Would you please return every line from the listing that contains the word "where"?
═════ Record extracts ═════
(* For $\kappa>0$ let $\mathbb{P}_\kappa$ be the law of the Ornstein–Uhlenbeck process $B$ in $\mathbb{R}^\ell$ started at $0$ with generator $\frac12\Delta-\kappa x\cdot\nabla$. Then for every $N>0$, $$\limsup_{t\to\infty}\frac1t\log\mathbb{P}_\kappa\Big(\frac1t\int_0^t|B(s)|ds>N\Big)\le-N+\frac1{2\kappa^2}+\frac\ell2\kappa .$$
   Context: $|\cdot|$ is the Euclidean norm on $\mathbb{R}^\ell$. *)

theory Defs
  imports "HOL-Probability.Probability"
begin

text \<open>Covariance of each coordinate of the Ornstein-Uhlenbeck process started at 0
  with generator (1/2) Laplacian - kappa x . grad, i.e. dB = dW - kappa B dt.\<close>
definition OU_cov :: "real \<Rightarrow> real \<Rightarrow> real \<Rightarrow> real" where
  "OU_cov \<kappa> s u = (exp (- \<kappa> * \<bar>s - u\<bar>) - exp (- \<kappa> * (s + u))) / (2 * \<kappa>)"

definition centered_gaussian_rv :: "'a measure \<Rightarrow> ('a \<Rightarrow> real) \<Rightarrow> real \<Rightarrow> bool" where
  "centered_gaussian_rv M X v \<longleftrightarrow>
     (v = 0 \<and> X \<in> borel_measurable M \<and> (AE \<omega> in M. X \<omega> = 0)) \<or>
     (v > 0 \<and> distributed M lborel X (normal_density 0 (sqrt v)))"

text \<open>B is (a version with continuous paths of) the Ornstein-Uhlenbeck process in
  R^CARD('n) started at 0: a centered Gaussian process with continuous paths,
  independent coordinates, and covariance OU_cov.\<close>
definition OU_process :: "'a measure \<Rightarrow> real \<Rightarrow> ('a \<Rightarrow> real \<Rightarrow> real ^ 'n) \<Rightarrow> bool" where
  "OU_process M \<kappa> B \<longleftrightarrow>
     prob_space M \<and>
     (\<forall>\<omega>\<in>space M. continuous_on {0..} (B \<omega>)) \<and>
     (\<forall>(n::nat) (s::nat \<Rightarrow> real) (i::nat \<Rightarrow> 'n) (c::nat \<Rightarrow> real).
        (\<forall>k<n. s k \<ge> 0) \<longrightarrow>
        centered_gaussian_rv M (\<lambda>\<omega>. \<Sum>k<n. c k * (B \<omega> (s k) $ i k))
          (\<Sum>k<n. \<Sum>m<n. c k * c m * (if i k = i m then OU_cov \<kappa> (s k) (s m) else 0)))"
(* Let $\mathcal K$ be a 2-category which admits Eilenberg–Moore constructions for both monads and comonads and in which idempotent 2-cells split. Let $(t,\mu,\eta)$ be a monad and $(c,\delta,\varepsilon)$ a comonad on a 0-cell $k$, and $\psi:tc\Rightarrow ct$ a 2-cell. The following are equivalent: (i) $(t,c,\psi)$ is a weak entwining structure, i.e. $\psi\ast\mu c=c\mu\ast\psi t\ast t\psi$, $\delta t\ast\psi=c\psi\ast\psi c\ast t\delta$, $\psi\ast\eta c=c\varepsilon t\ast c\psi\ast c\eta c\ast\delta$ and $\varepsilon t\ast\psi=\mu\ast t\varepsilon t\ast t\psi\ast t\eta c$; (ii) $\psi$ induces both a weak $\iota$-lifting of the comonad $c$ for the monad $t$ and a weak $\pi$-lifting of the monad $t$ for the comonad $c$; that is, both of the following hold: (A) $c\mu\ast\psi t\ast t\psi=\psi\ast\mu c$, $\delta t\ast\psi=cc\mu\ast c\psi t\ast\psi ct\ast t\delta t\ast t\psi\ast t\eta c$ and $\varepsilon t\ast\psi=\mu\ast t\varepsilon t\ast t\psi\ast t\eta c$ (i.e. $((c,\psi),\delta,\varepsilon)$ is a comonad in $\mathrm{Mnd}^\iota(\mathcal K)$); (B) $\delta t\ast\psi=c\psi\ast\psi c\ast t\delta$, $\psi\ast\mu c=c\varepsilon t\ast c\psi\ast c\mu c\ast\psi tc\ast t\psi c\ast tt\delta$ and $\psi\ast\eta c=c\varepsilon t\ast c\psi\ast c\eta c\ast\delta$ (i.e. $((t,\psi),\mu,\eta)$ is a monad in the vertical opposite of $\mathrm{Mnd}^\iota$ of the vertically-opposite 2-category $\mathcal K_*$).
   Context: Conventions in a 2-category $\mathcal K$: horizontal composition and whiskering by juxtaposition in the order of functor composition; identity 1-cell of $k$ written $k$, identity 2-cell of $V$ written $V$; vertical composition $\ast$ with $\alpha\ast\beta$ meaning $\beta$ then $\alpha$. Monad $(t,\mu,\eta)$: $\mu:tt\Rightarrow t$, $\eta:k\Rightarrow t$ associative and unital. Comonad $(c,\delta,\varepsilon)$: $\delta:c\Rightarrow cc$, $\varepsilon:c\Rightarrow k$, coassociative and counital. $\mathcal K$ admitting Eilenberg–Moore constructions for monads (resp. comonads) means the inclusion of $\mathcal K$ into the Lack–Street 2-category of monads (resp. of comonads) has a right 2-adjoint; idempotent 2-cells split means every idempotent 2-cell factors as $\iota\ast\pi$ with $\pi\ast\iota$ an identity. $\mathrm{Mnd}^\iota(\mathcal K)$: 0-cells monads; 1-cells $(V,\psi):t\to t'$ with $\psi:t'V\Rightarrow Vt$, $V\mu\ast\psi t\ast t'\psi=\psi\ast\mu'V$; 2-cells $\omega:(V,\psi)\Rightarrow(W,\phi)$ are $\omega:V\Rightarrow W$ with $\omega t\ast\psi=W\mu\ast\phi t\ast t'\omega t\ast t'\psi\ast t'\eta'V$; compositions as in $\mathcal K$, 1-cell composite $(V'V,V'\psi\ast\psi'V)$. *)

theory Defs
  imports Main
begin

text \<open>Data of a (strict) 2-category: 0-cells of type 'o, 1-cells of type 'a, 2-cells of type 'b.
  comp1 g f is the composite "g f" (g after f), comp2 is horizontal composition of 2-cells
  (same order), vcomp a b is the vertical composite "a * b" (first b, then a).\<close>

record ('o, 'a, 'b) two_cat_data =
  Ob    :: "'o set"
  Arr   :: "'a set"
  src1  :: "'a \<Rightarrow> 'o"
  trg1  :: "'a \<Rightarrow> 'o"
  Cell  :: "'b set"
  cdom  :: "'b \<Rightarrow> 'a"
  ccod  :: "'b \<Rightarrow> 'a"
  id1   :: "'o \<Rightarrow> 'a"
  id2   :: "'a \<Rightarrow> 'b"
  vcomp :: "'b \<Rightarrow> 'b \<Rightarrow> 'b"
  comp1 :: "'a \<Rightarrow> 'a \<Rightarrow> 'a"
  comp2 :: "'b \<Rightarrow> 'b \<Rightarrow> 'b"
═════
» Solution
definition OU_cov :: "real \<Rightarrow> real \<Rightarrow> real \<Rightarrow> real" where
definition centered_gaussian_rv :: "'a measure \<Rightarrow> ('a \<Rightarrow> real) \<Rightarrow> real \<Rightarrow> bool" where
definition OU_process :: "'a measure \<Rightarrow> real \<Rightarrow> ('a \<Rightarrow> real \<Rightarrow> real ^ 'n) \<Rightarrow> bool" where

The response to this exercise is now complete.